In her quest, Alma assembles a found family: Bordelon, a pregnant nineteen-year-old; Pegeen, the local librarian; and Josephine, a Catholic notary. Indeed, Friedman’s portrayal of connection between these women is perhaps the most genuine and affecting aspect of the novel. It’s no small comfort to be reminded that our interconnectedness cannot be extinguished, even by the very real threats posed by climate change. Still, it’s worth mentioning that not all women are dealt the same unlucky hand. Friedman steers clear of identifying her characters’ races and issues of class are glossed over, which at times, make their backstories feel a bit sanitized and contrived.
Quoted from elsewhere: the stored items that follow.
theorem theorem2:
  fixes N :: nat and a :: "nat \<Rightarrow> nat \<Rightarrow> real"
    and x0 :: "real \<Rightarrow> real^'n" and f :: "real^'n \<Rightarrow> real^'n" and d :: "real \<Rightarrow> real^'n"
    and dmax :: real and D :: "(real^'n) set"
    and W0 :: "real^'n^'L" and \<sigma> :: "real^'p \<Rightarrow> real^'L" and \<Phi> :: "real^'n \<Rightarrow> real^'p"
    and eps :: "real^'n \<Rightarrow> real^'n"
    and C :: "nat \<Rightarrow> real^'n^'m"
    and xh xt :: "nat \<Rightarrow> real \<Rightarrow> real^'n"
    and What :: "nat \<Rightarrow> real \<Rightarrow> real^'n^'L"
    and Phih :: "nat \<Rightarrow> real \<Rightarrow> real^'n \<Rightarrow> real^'p"
    and T :: "nat \<Rightarrow> nat \<Rightarrow> real"
    and tk :: "nat \<Rightarrow> nat \<Rightarrow> real"
    and K1 :: "real^'n^'n"
    and \<Gamma> :: "nat \<Rightarrow> real^'L^'L"
    and proj :: "real^'n^'L \<Rightarrow> real^'n^'L \<Rightarrow> real^'n^'L"
    and \<omega>bar \<kappa> k2 \<epsilon> \<phi>1 \<phi>2 e2max :: real
    and i :: nat
  assumes adj: "valid_adjacency N a" and conn: "graph_connected N a"
    and x0_ode: "\<forall>t\<ge>0. (x0 has_vector_derivative (f (x0 t) + d t)) (at t within {0..})"
    and f_lip: "local_lipschitz UNIV UNIV (\<lambda>_::real. f)"
    and d_cont: "continuous_on {0..} d" and d_bound: "\<forall>t\<ge>0. norm (d t) \<le> dmax"
    and D_compact: "compact D" and x0_in_D: "\<forall>t\<ge>0. x0 t \<in> D"
    and f_nn: "\<forall>x\<in>D. f x = transpose W0 *v \<sigma> (\<Phi> x) + eps x"
    and \<sigma>_cont: "continuous_on UNIV \<sigma>" and \<sigma>_bdd: "bounded (range \<sigma>)"
    and eps_bdd: "bounded (eps ` D)"
    and K1_sym: "transpose K1 = K1"
    and \<kappa>_pos: "\<kappa> > 0" and k2_gt: "k2 > 1 / \<kappa>" and \<epsilon>_pos: "\<epsilon> > 0"
    and \<phi>1_def: "\<phi>1 = k2 / 2 + \<kappa> / 2 * (kron_norm N (lap N a) K1)\<^sup>2"
    and \<phi>2_def: "\<phi>2 = k2 / (4 * (kron_norm N (lap N a) (mat 1 :: real^'n^'n))\<^sup>2)"
    and \<Gamma>_pd: "\<forall>j\<in>{1..N}. transpose (\<Gamma> j) = \<Gamma> j \<and> (\<forall>v. v \<noteq> 0 \<longrightarrow> v \<bullet> (\<Gamma> j *v v) > 0)"
    and proj_cont: "continuous_on UNIV (\<lambda>(\<mu>, \<omega>). proj \<mu> \<omega>)"
    and events: "\<forall>j\<in>{1..N}. tk j 0 = 0 \<and> strict_mono (tk j)"
    and zoh: "\<forall>j\<in>{1..N}. \<forall>k. \<forall>t\<in>{tk j k..<tk j (Suc k)}. xt j t = xh j (tk j k)"
    and switching: "\<forall>j\<in>{1..N}. T j 0 = 0 \<and> strict_mono (T j)
        \<and> (\<forall>p. \<forall>t\<in>{T j p..<T j (Suc p)}. Phih j t = Phih j (T j p))
        \<and> (\<forall>t. continuous_on UNIV (Phih j t))"
    and observer: "\<forall>j\<in>{1..N}. continuous_on {0..} (xh j) \<and>
        (\<forall>t>0. t \<notin> range (tk j) \<union> (\<Union>l\<in>nbrs N a j. range (tk l)) \<union> range (T j) \<longrightarrow>
          (xh j has_vector_derivative
             (transpose (What j t) *v \<sigma> (Phih j t (xh j t))
              + K1 *v (zsig N a xt j t - transpose (C j) *v e3sig C x0 xh j t))) (at t))"
    and weights: "\<forall>j\<in>{1..N}. continuous_on {0..} (What j) \<and> (\<forall>t\<ge>0. norm (What j t) \<le> \<omega>bar) \<and>
        (\<forall>t>0. t \<notin> range (T j) \<longrightarrow>
          (What j has_vector_derivative
             proj (- (\<Gamma> j ** outer (\<sigma> (Phih j t (xh j t))) (transpose (C j) *v e3sig C x0 xh j t)))
                  (What j t)) (at t))"
    and trigger: "\<forall>j\<in>{1..N}. \<forall>k.
        trigger_set N a xh xt \<phi>1 \<phi>2 \<epsilon> j (tk j k) \<noteq> {} \<and>
        tk j (Suc k) = Inf (trigger_set N a xh xt \<phi>1 \<phi>2 \<epsilon> j (tk j k))"
    and i_in: "i \<in> {1..N}"
    and e2max_pos: "e2max > 0"
    and e2max_bound: "\<forall>t\<ge>0. norm (What i t) * norm (\<sigma> (Phih i t (xh i t)))
        + norm K1 * norm (zsig N a xt i t)
        + norm (K1 ** transpose (C i)) * norm (e3sig C x0 xh i t) \<le> e2max"
  shows "\<forall>k. tk i (Suc k) - tk i k \<ge> (1 / e2max) * sqrt (\<epsilon> / (real N * \<phi>1))"
proof
  fix k
  define s where "s = tk i k"
  have s_nonneg: "0 \<le> s"
    using events i_in strict_mono_less_eq[of "tk i" 0 k] by (auto simp: s_def)
  have "k2 > 0" using k2_gt \<kappa>_pos by (meson less_trans zero_less_divide_1_iff)
  then have \<phi>1_pos: "\<phi>1 > 0" and \<phi>2_nonneg: "\<phi>2 \<ge> 0"
    using \<phi>1_def \<phi>2_def \<kappa>_pos by (simp_all add: add_pos_nonneg)
  define F where "F x = transpose (What i x) *v \<sigma> (Phih i x (xh i x))
      + K1 *v (zsig N a xt i x - transpose (C i) *v e3sig C x0 xh i x)" for x
  have F_bound: "norm (F x) \<le> e2max" if "0 \<le> x" for x
    unfolding F_def using e2max_bound that by (intro order_trans[OF norm_observer_field_le]) auto
  define E where "E = range (tk i) \<union> (\<Union>l\<in>nbrs N a i. range (tk l)) \<union> range (T i)"
  have "countable E" by (auto simp: E_def nbrs_def intro: countable_finite)
  moreover have "continuous_on {0..} (xh i)"
    and "\<And>x. 0 < x \<Longrightarrow> x \<notin> E \<Longrightarrow> (xh i has_vector_derivative F x) (at x)"
    using observer i_in unfolding E_def F_def by auto
  ultimately have drift: "norm (xh i t - xh i s) \<le> e2max * (t - s)" if "s \<le> t" for t
    by (rule differentiable_bound_countable_atLeast[where f' = F, OF _ _ _ F_bound s_nonneg that])
  have "s + (1 / e2max) * sqrt (\<epsilon> / (real N * \<phi>1)) \<le> t"
    if "t \<in> trigger_set N a xh xt \<phi>1 \<phi>2 \<epsilon> i s" for t
  proof (rule trigger_set_ge_drift_time[OF that \<phi>1_pos \<phi>2_nonneg e2max_pos drift])
    show "s \<le> t" using that by (simp add: trigger_set_def)
  qed
  moreover have "trigger_set N a xh xt \<phi>1 \<phi>2 \<epsilon> i s \<noteq> {}"
    and "tk i (Suc k) = Inf (trigger_set N a xh xt \<phi>1 \<phi>2 \<epsilon> i s)"
    using trigger i_in by (simp_all add: s_def)
  ultimately have "s + (1 / e2max) * sqrt (\<epsilon> / (real N * \<phi>1)) \<le> tk i (Suc k)"
    by (simp add: cInf_greatest)
  then show "tk i (Suc k) - tk i k \<ge> (1 / e2max) * sqrt (\<epsilon> / (real N * \<phi>1))"
    by (simp add: s_def)
qed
Even so, the novel does have many moments of electric energy. To name a few: Alma sees, for the first time, a crepe myrtle she must have driven past a dozen times. “I imagine myself in miniature,” Alma says, looking at a single bloom, “I nested within it. I imagined Bordelon curled and nesting in the blossom next to mine. We were just children, curled up that way.” Josephine and Alma pull weeds in the garden, a kind of prayer. Alma and Bordelon eat pizza and play cards in a motel bed during a rainstorm in Nevada. Afterward, Alma dreams that the blue star fern Josephine bought from a man in Lubbock grows so huge it covers the room, hiding the women, guarding them. There is a protective quality to nature throughout the book, and this quality deepens the reader’s grief over its transience. One gets the sense that the natural world is also a member of Alma’s found family, a character she gets to know over the course of the novel. It’s no surprise that Friedman wrote poetry before she began writing fiction—her prose has a lyrical quality.
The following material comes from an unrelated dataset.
(* Let $\mathcal{U}\subset\mathbb{R}^n\times\mathbb{R}^p$ be open, let $\mathcal{D}\subset\mathcal{U}$ be nonempty, let $\Gamma:\mathcal{D}\times\mathbb{R}^m\rightrightarrows\mathbb{R}^q$ be such that $\Gamma(\xi,\cdot)$ is positively homogeneous for every $\xi\in\mathcal{D}$, let $\mathcal{A}:\mathcal{U}\to\mathbb{R}^{q\times m}$, and define $\varXi:\mathcal{D}\times\mathbb{R}^m\rightrightarrows\mathbb{R}^q$ by $\varXi(\xi,z):=\mathcal{A}(\xi)z+\Gamma(\xi,z)$. Let $\bar\xi\in\mathcal{D}$ and $\omega\in\mathbb{R}^n\times\mathbb{R}^p$, put $H:=\Gamma(\bar\xi,\cdot)$, $\mathcal{Z}:=\mathrm{bd}\,\mathbb{B}\cap\mathrm{dom}\,H$, $\mathcal{Z}_0:=\{z\in\mathcal{Z}\mid 0\in\mathcal{A}(\bar\xi)z+H(z)\}$ and $\varTheta:=\mathrm{cl}\big(\mathrm{cone}\big(\bigcup_{z\in\mathcal{Z}}H(z)\big)\big)$, and assume: (i) $\bar\xi$ is $\varXi$-singular; (ii) $\Gamma$ is outer semicontinuous; (iii) $\mathcal{A}$ is semidifferentiable at $\bar\xi$ for $\omega$; (iv) the set $\mathcal{A}(\bar\xi)\,\mathrm{dom}\,H$ is closed; (v) there exists $c\ge0$ such that for every $z\in\mathcal{Z}_0$ there are $\varepsilon,\delta>0$ with $\Gamma(\xi,z')\cap\delta\mathbb{B}\subset\Gamma(\bar\xi,z')+c\|\xi-\bar\xi\|\mathbb{B}$ whenever $(\xi,z')\in(\mathcal{D}\times\mathrm{bd}\,\mathbb{B})\cap((\bar\xi,z)+\varepsilon\mathbb{B})$; (vi) $\big(\mathcal{A}(\bar\xi)\,\mathrm{dom}\,H\big)\cap(-\varTheta)\subset\{0\}$. Then, with $c\ge0$ from (v), \[ d\ell_\varXi(\bar\xi)(\omega)+c\|\omega\|\ \ge\ \min_{z\in\mathcal{Z}_0}\mathrm{dist}\big[0,\ \mathcal{A}'(\bar\xi;\omega)z+\varTheta+\mathcal{A}(\bar\xi)\,\mathrm{dom}\,H\big]. \]
   Context: $\|\cdot\|$ is the Euclidean norm, $\mathbb{B}$ the closed unit ball, $\mathrm{bd}$ the boundary, $\mathrm{cl}$ the closure, $\mathrm{dist}[\xi,Z]$ the distance (with $\mathrm{dist}[\xi,\emptyset]=\infty$), and $\mathrm{cone}(Z):=\bigcup_{\gamma\ge0}\gamma Z$. A set-valued map $H$ is positively homogeneous if $H(\gamma z)=\gamma H(z)$ for all $\gamma>0$ and all $z$. $\Gamma$ is outer semicontinuous if $\limsup_{(\xi',z')\to(\xi,z),\,(\xi',z')\in\mathcal{D}\times\mathbb{R}^m}\Gamma(\xi',z')\subset\Gamma(\xi,z)$ (Painlevé–Kuratowski outer limit) for all $(\xi,z)\in\mathcal{D}\times\mathbb{R}^m$. The least singular value (LSV) function of $\varXi$ is $\ell_\varXi:\mathbb{R}^n\times\mathbb{R}^p\to[0,\infty]$, $\ell_\varXi(\xi):=\infty$ if $\xi\notin\mathcal{D}$ and $\ell_\varXi(\xi):=\inf_{\|z\|=1}\mathrm{dist}[0,\varXi(\xi,z)]$ if $\xi\in\mathcal{D}$. A point $\bar\xi\in\mathcal{D}$ is $\varXi$-singular if $0\in\varXi(\bar\xi,z)$ for some $z\neq0$. The semiderivative of a single-valued map $\mathcal{A}$ at $\xi\in\mathrm{int}(\mathrm{dom}\,\mathcal{A})$ for $\omega$ is $\mathcal{A}'(\xi;\omega):=\lim_{\tau\searrow0,\omega'\to\omega}(\mathcal{A}(\xi+\tau\omega')-\mathcal{A}(\xi))/\tau$; $\mathcal{A}$ is semidifferentiable at $\xi$ for $\omega$ if this limit exists. The subderivative of $\varphi:\mathbb{R}^N\to\mathbb{R}\cup\{\infty\}$ at $\xi\in\mathrm{dom}\,\varphi$ in direction $\omega$ is $d\varphi(\xi)(\omega):=\liminf_{\tau\searrow0,\omega'\to\omega}(\varphi(\xi+\tau\omega')-\varphi(\xi))/\tau$. *)

theory Defs
  imports "HOL-Analysis.Analysis" "HOL-Library.Liminf_Limsup"
begin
This closeness to the natural world is confused when Alma oddly does not seem disturbed by the more frequent occurrence of violent storms—her grandmother’s property in St. Genevieve, Louisiana apparently withstands rising water and powerful hurricanes, and all media programming bears a striking resemblance to our own. Alma and Bordelon are “kicking and living” as Alma puts it, as we all are, from one catastrophe to the next. But it’s not the living whose rights Alma is up in arms to protect—it’s the dead. The dead, she believes, should have the right to choose what’s done with their bodies; the living are tasked with honoring their wishes, no matter how unreasonable. Perhaps this cause has a kind of canny aptness—it is the dead, after all, who have caused our current climate crisis, and when we are dead the living will be tasked with tidying up our mess. Although Alma begins to understand that family need not be blood-bound, she fails to see that grieving isn’t tied to any one ritual, that it is the living who must find a way to come to terms with death, not the ones who’ve died.
The world around Alma is collapsing and she is left to address what still matters. Of course, it’s living that matters, that will always matter, as long as one is alive. In the recently released, politically divisive film Don’t Look Up, scientists are flummoxed when people continue to take their lunch breaks, to go to music festivals, to meet one another for overpriced cocktails, despite evidence that their worlds will soon be crushed by a massive meteor. Likewise, Alma and her friends drink Red Stripe, watch videos of jellyfish and snakes at the library with the sound off, gossip about their guitar playing ex-boyfriends. And it’s worth asking ourselves why these things do matter, why they make us feel briefly, routinely, our common humanity. Why is it that once we’ve found our people, we are constantly orbiting them, trying in different ways to keep proximity with them, even after they have died? There are no simple answers and, though Here Lies posits a few, it’s somehow more satisfying that we don’t come out of the book squarely in any camp.